> [Your task]:
Write down each entry again, exactly as it reads.

> [Stored records]:

(* Every locally finite quasivariety of Wajsberg hoops is a primitive variety.
   Context: Wajsberg hoops: basic hoops (0-free subreducts of prelinear divisible $\mathsf{FL}_{ew}$-algebras) satisfying $(x\to y)\to y\approx(y\to x)\to x$. A quasivariety is locally finite if its finitely generated members are finite. For a quasivariety $\mathcal Q$, a subquasivariety $\mathcal Q'$ is equational in $\mathcal Q$ if $\mathcal Q'=\mathbf H(\mathcal Q')\cap\mathcal Q$; $\mathcal Q$ is primitive if every subquasivariety of $\mathcal Q$ is equational in $\mathcal Q$ (equivalently, every subquasivariety of $\mathcal Q$ is structural, where $\mathcal Q$ is structural if for every subquasivariety $\mathcal Q'$, $\mathbf H(\mathcal Q')=\mathbf H(\mathcal Q)$ implies $\mathcal Q'=\mathcal Q$). *)

theory Defs
  imports Main
begin

record 'a halg =
  car :: "'a set"
  mul :: "'a \<Rightarrow> 'a \<Rightarrow> 'a"
  imp :: "'a \<Rightarrow> 'a \<Rightarrow> 'a"
  one :: "'a"

definition is_alg :: "'a halg \<Rightarrow> bool" where
  "is_alg A \<longleftrightarrow> car A \<noteq> {} \<and> one A \<in> car A \<and>
     (\<forall>x\<in>car A. \<forall>y\<in>car A. mul A x y \<in> car A \<and> imp A x y \<in> car A)"

definition hle :: "'a halg \<Rightarrow> 'a \<Rightarrow> 'a \<Rightarrow> bool" where
  "hle A x y \<longleftrightarrow> imp A x y = one A"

> [Response below]:
(* Every locally finite quasivariety of Wajsberg hoops is a primitive variety.
   Context: Wajsberg hoops: basic hoops (0-free subreducts of prelinear divisible $\mathsf{FL}_{ew}$-algebras) satisfying $(x\to y)\to y\approx(y\to x)\to x$. A quasivariety is locally finite if its finitely generated members are finite. For a quasivariety $\mathcal Q$, a subquasivariety $\mathcal Q'$ is equational in $\mathcal Q$ if $\mathcal Q'=\mathbf H(\mathcal Q')\cap\mathcal Q$; $\mathcal Q$ is primitive if every subquasivariety of $\mathcal Q$ is equational in $\mathcal Q$ (equivalently, every subquasivariety of $\mathcal Q$ is structural, where $\mathcal Q$ is structural if for every subquasivariety $\mathcal Q'$, $\mathbf H(\mathcal Q')=\mathbf H(\mathcal Q)$ implies $\mathcal Q'=\mathcal Q$). *)

theory Defs
  imports Main
begin

record 'a halg =
  car :: "'a set"
  mul :: "'a \<Rightarrow> 'a \<Rightarrow> 'a"
  imp :: "'a \<Rightarrow> 'a \<Rightarrow> 'a"
  one :: "'a"

definition is_alg :: "'a halg \<Rightarrow> bool" where
  "is_alg A \<longleftrightarrow> car A \<noteq> {} \<and> one A \<in> car A \<and>
     (\<forall>x\<in>car A. \<forall>y\<in>car A. mul A x y \<in> car A \<and> imp A x y \<in> car A)"

definition hle :: "'a halg \<Rightarrow> 'a \<Rightarrow> 'a \<Rightarrow> bool" where
  "hle A x y \<longleftrightarrow> imp A x y = one A"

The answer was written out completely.